ムスタグアタの麓を通るハイウェイがあり、カシュガルからクンジェラブ峠へ向かう途中でムスタグアタ峰の傍らを通ります。ハイウェイから登山ベースキャンプまでは約200キロメートルの距離があるため、観光客はチャーター車を利用する必要があります。

 

ここの気候はコングールタグに似ています。インド洋と太平洋からの気流が山々に遮られて進入できないため、気候は非常に乾燥しており、降水は主に高層気流、極偏西風気流、および寒湿気流の相互作用によってもたらされます。標高7,500メートル地点での平均気温はマイナス20度、最低気温はマイナス30度に達することがあり、最大風力は9~11級、通常の風力は7級程度です。天候が頻繁に変わることはこの地域の特徴で、夏でも山では降雪があり、気温はマイナス20度まで急降下することがあります。

周辺観光スポット

カラクリ湖(喀拉庫里湖)
標高約3,600メートルの高原湖であるカラクリ湖は、パミール高原に散りばめられた輝く真珠のようであり、ムスタグアタなどの雪山に囲まれています。「ムスタグアタの守護神、パミールの青い瞳」とも称されています。その独特の自然景観で無数の観光客を魅了するだけでなく、深遠な歴史と文化的遺産も併せ持っています。

 

カラクリ湖の西側には公格爾山と公格爾九別峰が、東側にはムスタグアタがそびえ立っています。
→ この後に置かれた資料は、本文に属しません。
text \<open>Letting \<open>k \<rightarrow> \<infinity>\<close> removes the factor \<open>1 + 1/k\<close> and the drift \<open>K T/k\<close> from the average.\<close>

lemma limsup_average_le:
  fixes a b :: "nat \<Rightarrow> real"
  assumes dominated: "\<And>k. 0 < k \<Longrightarrow> \<exists>C. \<forall>T. a T \<le> (1 + 1/k) * b T + K / k * real T + C"
  shows "limsup (\<lambda>T. ereal (a T / real T)) \<le> limsup (\<lambda>T. ereal (b T / real T))"
proof (rule ereal_le_real)
  fix z assume z: "limsup (\<lambda>T. ereal (b T / real T)) \<le> ereal z"
  define d where "d n = 1 / real (Suc n)" for n
  define f where "f n = (1 + d n) * (z + d n) + K * d n" for n
  have "limsup (\<lambda>T. ereal (a T / real T)) \<le> ereal (f n)" for n
  proof -
    define k where "k = real (Suc n)"
    have k: "0 < k"
      unfolding k_def by simp
    obtain C where C: "\<And>T. a T \<le> (1 + 1/k) * b T + K / k * real T + C"
      using dominated[OF k] by blast
    have "eventually (\<lambda>T. ereal (b T / real T) < ereal (z + 1/k)) sequentially"
      by (rule Limsup_lessD, rule le_less_trans[OF z]) (use k in simp)
    then have "eventually (\<lambda>T. a T \<le> f n * real T + C) sequentially"
      using eventually_gt_at_top[of 0]
    proof eventually_elim
      case (elim T)
      then have "b T \<le> (z + 1/k) * real T"
        by (simp add: divide_less_eq)
      then have "(1 + 1/k) * b T \<le> (1 + 1/k) * ((z + 1/k) * real T)"
        using k by (intro mult_left_mono) auto
      then show ?case
        using C[of T] unfolding f_def d_def k_def[symmetric] by (simp add: algebra_simps)
    qed
    then show ?thesis
      by (rule limsup_average_le_of_eventually)
  qed
  moreover have "d \<longlonglongrightarrow> 0"
    unfolding d_def using LIMSEQ_Suc[OF lim_1_over_n] by simp
  then have "(\<lambda>n. ereal (f n)) \<longlonglongrightarrow> ereal ((1 + 0) * (z + 0) + K * 0)"
    unfolding f_def by (intro tendsto_ereal tendsto_add tendsto_mult tendsto_const)
  ultimately show "limsup (\<lambda>T. ereal (a T / real T)) \<le> ereal z"
    using LIMSEQ_le_const by fastforce
qed

definition valid_state :: "nat \<Rightarrow> state \<Rightarrow> bool" where
  "valid_state Q st \<longleftrightarrow> 1 \<le> fst st \<and> snd st \<in> {1..Q}"

lemma valid_state_next: "q' \<in> {1..Q} \<Longrightarrow> valid_state Q (next_age x s, q')"
  by (auto simp: valid_state_def next_age_def)

lemma valid_policy_stat_det:
  assumes "\<And>x q. \<mu> x q \<in> {0, 1}"
  shows "valid_policy (stat_det \<mu>)"
  unfolding valid_policy_def
proof (intro conjI allI)
  fix h st
  have "\<mu> (fst st) (snd st) = 0 \<or> \<mu> (fst st) (snd st) = 1"
    using assms by simp
  then show "stat_det \<mu> h st 0 + stat_det \<mu> h st 1 = 1"
    by (auto simp: stat_det_def)
qed (simp add: stat_det_def)

lemma valid_policy_nonneg: "valid_policy \<pi> \<Longrightarrow> 0 \<le> \<pi> h st s"
  unfolding valid_policy_def by blast

lemma sum_actions_const:
  assumes "valid_policy \<pi>"
  shows "(\<Sum>s\<in>{0,1}. \<pi> h st s * a) = a"
proof -
  have "\<pi> h st 0 + \<pi> h st 1 = 1"
    using assms unfolding valid_policy_def by blast
  then show ?thesis
    by (simp add: distrib_right[symmetric])
qed

lemma sum_actions_stat_det:
  assumes "\<mu> (fst st) (snd st) \<in> {0,1}"
  shows "(\<Sum>s\<in>{0,1}. stat_det \<mu> h st s * f s) = f (\<mu> (fst st) (snd st))"
  using assms by (auto simp: stat_det_def)

locale channel_chain =
  fixes Q :: nat and p :: "nat \<Rightarrow> nat \<Rightarrow> real"
  assumes Q_pos: "1 \<le> Q"
    and p_nonneg: "\<And>q q'. q \<in> {1..Q} \<Longrightarrow> q' \<in> {1..Q} \<Longrightarrow> 0 \<le> p q q'"
    and p_sum: "\<And>q. q \<in> {1..Q} \<Longrightarrow> (\<Sum>q'\<in>{1..Q}. p q q') = 1"
begin

definition next_exp :: "(nat \<Rightarrow> real) \<Rightarrow> nat \<Rightarrow> real" where
  "next_exp f q = (\<Sum>q'\<in>{1..Q}. p q q' * f q')"

lemma next_exp_nonneg:
  "q \<in> {1..Q} \<Longrightarrow> (\<And>q'. q' \<in> {1..Q} \<Longrightarrow> 0 \<le> f q') \<Longrightarrow> 0 \<le> next_exp f q"
  unfolding next_exp_def by (intro sum_nonneg mult_nonneg_nonneg) (auto simp: p_nonneg)

lemma next_exp_cong:
  "q = q' \<Longrightarrow> (\<And>x. x \<in> {1..Q} =simp=> f x = g x) \<Longrightarrow> next_exp f q = next_exp g q'"
  unfolding next_exp_def simp_implies_def by (intro sum.cong) auto

lemma next_exp_mono:
  "q \<in> {1..Q} \<Longrightarrow> (\<And>q'. q' \<in> {1..Q} \<Longrightarrow> f q' \<le> g q') \<Longrightarrow> next_exp f q \<le> next_exp g q"
  unfolding next_exp_def by (intro sum_mono mult_left_mono) (auto simp: p_nonneg)

lemma next_exp_add: "next_exp (\<lambda>q'. f q' + g q') q = next_exp f q + next_exp g q"
  unfolding next_exp_def by (simp add: distrib_left sum.distrib)

lemma next_exp_diff: "next_exp (\<lambda>q'. f q' - g q') q = next_exp f q - next_exp g q"
  unfolding next_exp_def by (simp add: right_diff_distrib sum_subtractf)

lemma next_exp_scale: "next_exp (\<lambda>q'. a * f q') q = a * next_exp f q"
  unfolding next_exp_def by (simp add: sum_distrib_left algebra_simps)

lemma next_exp_const: "q \<in> {1..Q} \<Longrightarrow> next_exp (\<lambda>_. a) q = a"
  unfolding next_exp_def using p_sum by (simp add: sum_distrib_right[symmetric])

lemma next_exp_add_const: "q \<in> {1..Q} \<Longrightarrow> next_exp (\<lambda>q'. f q' + a) q = next_exp f q + a"
  by (simp add: next_exp_add next_exp_const)

lemma tendsto_next_exp:
  "(\<And>q'. q' \<in> {1..Q} \<Longrightarrow> (\<lambda>k. f k q') \<longlonglongrightarrow> g q') \<Longrightarrow> (\<lambda>k. next_exp (f k) q) \<longlonglongrightarrow> next_exp g q"
  unfolding next_exp_def by (intro tendsto_sum tendsto_mult tendsto_const) auto

fun horizon_cost :: "policy \<Rightarrow> (state \<Rightarrow> nat \<Rightarrow> real) \<Rightarrow> (state \<Rightarrow> real) \<Rightarrow> nat
    \<Rightarrow> (state \<times> nat) list \<Rightarrow> state \<Rightarrow> real" where
  "horizon_cost \<pi> c F 0 h st = F st"
| "horizon_cost \<pi> c F (Suc T) h st =
     (\<Sum>s\<in>{0,1}. \<pi> h st s *
        (c st s + next_exp (\<lambda>q'. horizon_cost \<pi> c F T (h @ [(st, s)]) (next_age (fst st) s, q')) (snd st)))"

abbreviation terminal_exp :: "policy \<Rightarrow> (state \<Rightarrow> real) \<Rightarrow> nat \<Rightarrow> (state \<times> nat) list \<Rightarrow> state \<Rightarrow> real" where
  "terminal_exp \<pi> F \<equiv> horizon_cost \<pi> (\<lambda>_ _. 0) F"

lemma exp_cost_eq_horizon_cost:
  "exp_cost Q p W lam \<omega> \<pi> T h st =
   horizon_cost \<pi> (\<lambda>st s. C_X W (fst st) (snd st) s + lam * C_Q \<omega> (fst st) (snd st) s) (\<lambda>_. 0) T h st"
  by (induction T arbitrary: h st) (simp_all add: next_exp_def)

lemma horizon_cost_split:
  "horizon_cost \<pi> c F T h st = horizon_cost \<pi> c (\<lambda>_. 0) T h st + terminal_exp \<pi> F T h st"
  by (induction T arbitrary: h st) (simp_all add: next_exp_add sum.distrib algebra_simps)

lemma terminal_exp_zero: "terminal_exp \<pi> (\<lambda>_. 0) T h st = 0"
  by (induction T arbitrary: h st) (simp_all add: next_exp_def)

lemma terminal_exp_scale: "terminal_exp \<pi> (\<lambda>st. a * F st) T h st = a * terminal_exp \<pi> F T h st"
  by (induction T arbitrary: h st) (simp_all add: next_exp_scale sum_distrib_left algebra_simps)

lemma terminal_exp_add_const:
  assumes "valid_policy \<pi>" "valid_state Q st"
  shows "terminal_exp \<pi> (\<lambda>st. F st + a) T h st = terminal_exp \<pi> F T h st + a"
  using assms(2)
proof (induction T arbitrary: h st)
  case (Suc T)
  have IH: "next_exp (\<lambda>q'. terminal_exp \<pi> (\<lambda>st. F st + a) T (h @ [(st, s)]) (next_age (fst st) s, q')) (snd st)
      = next_exp (\<lambda>q'. terminal_exp \<pi> F T (h @ [(st, s)]) (next_age (fst st) s, q')) (snd st) + a" for s
  proof -
    have "snd st \<in> {1..Q}"
      using Suc.prems by (simp add: valid_state_def)
    moreover have "next_exp (\<lambda>q'. terminal_exp \<pi> (\<lambda>st. F st + a) T (h @ [(st, s)]) (next_age (fst st) s, q')) (snd st)
        = next_exp (\<lambda>q'. terminal_exp \<pi> F T (h @ [(st, s)]) (next_age (fst st) s, q') + a) (snd st)"
      by (rule next_exp_cong) (simp_all add: simp_implies_def Suc.IH valid_state_next)
    ultimately show ?thesis
      by (simp add: next_exp_add_const)
  qed
  have "terminal_exp \<pi> (\<lambda>st. F st + a) (Suc T) h st = (\<Sum>s\<in>{0,1}. \<pi> h st s *
      (0 + next_exp (\<lambda>q'. terminal_exp \<pi> F T (h @ [(st, s)]) (next_age (fst st) s, q')) (snd st)) + \<pi> h st s * a)"
    unfolding horizon_cost.simps IH by (simp add: distrib_left)
  also have "\<dots> = terminal_exp \<pi> F (Suc T) h st + a"
    by (simp only: sum.distrib horizon_cost.simps sum_actions_const[OF assms(1)])
  finally show ?case .
qed simp

lemma terminal_exp_mono:
  assumes "valid_policy \<pi>" "valid_state Q st" "\<And>st. valid_state Q st \<Longrightarrow> F st \<le> G st"
  shows "terminal_exp \<pi> F T h st \<le> terminal_exp \<pi> G T h st"
  using assms(2)
proof (induction T arbitrary: h st)
  case (Suc T)
  then have q: "snd st \<in> {1..Q}"
    by (simp add: valid_state_def)
  show ?case
    unfolding horizon_cost.simps
    by (intro sum_mono mult_left_mono add_left_mono next_exp_mono[OF q] valid_policy_nonneg[OF assms(1)])
      (use Suc.IH[OF valid_state_next] in simp)
qed (simp add: assms(3))

text \<open>No policy is involved, because the
  channel evolves independently of the actions; this is what allows a channel-dependent gain.\<close>

fun chain_sum :: "(nat \<Rightarrow> real) \<Rightarrow> nat \<Rightarrow> nat \<Rightarrow> real" where
  "chain_sum d 0 q = 0"
| "chain_sum d (Suc T) q = d q + next_exp (chain_sum d T) q"

lemma chain_sum_const: "q \<in> {1..Q} \<Longrightarrow> chain_sum (\<lambda>_. a) T q = a * real T"
proof (induction T arbitrary: q)
  case (Suc T)
  then have "next_exp (chain_sum (\<lambda>_. a) T) q = next_exp (\<lambda>_. a * real T) q"
    unfolding next_exp_def by (intro sum.cong) auto
  with Suc.prems show ?case
    by (simp add: next_exp_const algebra_simps)
qed simp

lemma subsolution_le_horizon_cost:
  assumes pol: "valid_policy \<pi>" and "valid_state Q st"
    and sub: "\<And>st s. valid_state Q st \<Longrightarrow> s \<in> {0,1} \<Longrightarrow>
        d (snd st) + H st \<le> c st s + next_exp (\<lambda>q'. H (next_age (fst st) s, q')) (snd st)"
  shows "H st + chain_sum d T (snd st) \<le> horizon_cost \<pi> c H T h st"
  using assms(2)
proof (induction T arbitrary: h st)
  case (Suc T)
  have q: "snd st \<in> {1..Q}"
    using Suc.prems by (simp add: valid_state_def)
  have "H st + chain_sum d (Suc T) (snd st) \<le> c st s +
      next_exp (\<lambda>q'. horizon_cost \<pi> c H T (h @ [(st, s)]) (next_age (fst st) s, q')) (snd st)"
    if s: "s \<in> {0,1}" for s
  proof -
    have "H st + chain_sum d (Suc T) (snd st)
        \<le> c st s + next_exp (\<lambda>q'. H (next_age (fst st) s, q') + chain_sum d T q') (snd st)"
      using sub[OF Suc.prems s] by (simp add: next_exp_add)
    also have "\<dots> \<le> c st s +
        next_exp (\<lambda>q'. horizon_cost \<pi> c H T (h @ [(st, s)]) (next_age (fst st) s, q')) (snd st)"
      by (intro add_left_mono next_exp_mono[OF q]) (use Suc.IH[OF valid_state_next] in simp)
    finally show ?thesis .
  qed
  then have "(\<Sum>s\<in>{0,1}. \<pi> h st s * (H st + chain_sum d (Suc T) (snd st))) \<le> horizon_cost \<pi> c H (Suc T) h st"
    unfolding horizon_cost.simps by (intro sum_mono mult_left_mono valid_policy_nonneg[OF pol]) auto
  then show ?case
    by (simp only: sum_actions_const[OF pol])
qed simp

lemma horizon_cost_le_supersolution:
  assumes "valid_state Q st"
    and super: "\<And>st. valid_state Q st \<Longrightarrow> \<mu> (fst st) (snd st) \<in> {0,1} \<and>
        c st (\<mu> (fst st) (snd st)) + next_exp (\<lambda>q'. H (next_age (fst st) (\<mu> (fst st) (snd st)), q')) (snd st)
          \<le> d (snd st) + H st"
  shows "horizon_cost (stat_det \<mu>) c H T h st \<le> H st + chain_sum d T (snd st)"
  using assms(1)
proof (induction T arbitrary: h st)
  case (Suc T)
  have q: "snd st \<in> {1..Q}"
    using Suc.prems by (simp add: valid_state_def)
  define m where "m = \<mu> (fst st) (snd st)"
  have "horizon_cost (stat_det \<mu>) c H (Suc T) h st = c st m +
      next_exp (\<lambda>q'. horizon_cost (stat_det \<mu>) c H T (h @ [(st, m)]) (next_age (fst st) m, q')) (snd st)"
    unfolding horizon_cost.simps m_def using super[OF Suc.prems] by (rule sum_actions_stat_det[OF conjunct1])
  also have "\<dots> \<le> c st m + next_exp (\<lambda>q'. H (next_age (fst st) m, q') + chain_sum d T q') (snd st)"
    by (intro add_left_mono next_exp_mono[OF q]) (use Suc.IH[OF valid_state_next] in simp)
  also have "\<dots> \<le> H st + chain_sum d (Suc T) (snd st)"
    using super[OF Suc.prems] unfolding m_def by (simp add: next_exp_add)
  finally show ?case .
qed simp

end

locale age_mdp = channel_chain +
  fixes c :: "nat \<Rightarrow> real" and K :: real
  assumes abs_c_le: "\<And>q. q \<in> {1..Q} \<Longrightarrow> \<bar>c q\<bar> \<le> K"
begin

lemma K_nonneg: "0 \<le> K"
  using abs_c_le[of 1] Q_pos by auto

definition stage_cost :: "state \<Rightarrow> nat \<Rightarrow> real" where
  "stage_cost st s = real (fst st) + real s * c (snd st)"

text \<open>Value iteration for the \<open>\<beta>\<close>-discounted problem, with costs shifted by \<open>K\<close> so that the
  iterates are nonnegative and increase with \<open>n\<close>.\<close>

fun disc_iter :: "real \<Rightarrow> nat \<Rightarrow> nat \<Rightarrow> nat \<Rightarrow> real" where
  "disc_iter \<beta> 0 x q = 0"
| "disc_iter \<beta> (Suc n) x q = real x + K +
     min (\<beta> * next_exp (disc_iter \<beta> n (x + 1)) q) (c q + \<beta> * next_exp (disc_iter \<beta> n 1) q)"

context
  fixes \<beta> :: real
  assumes \<beta>_nonneg: "0 \<le> \<beta>" and \<beta>_less_1: "\<beta> < 1"
begin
これらの雪峰は西崑崙山脈(カラコルム山脈)に位置し、東パミールの三大名峰と呼ばれ、その標高はいずれも7,500メートルを超えます。ムスタグアタは標高約7,509メートルで、ウイグル語で「氷山」を意味します。山頂は一年中雪に覆われ、非常に神秘的で「氷河の父」とも称されます。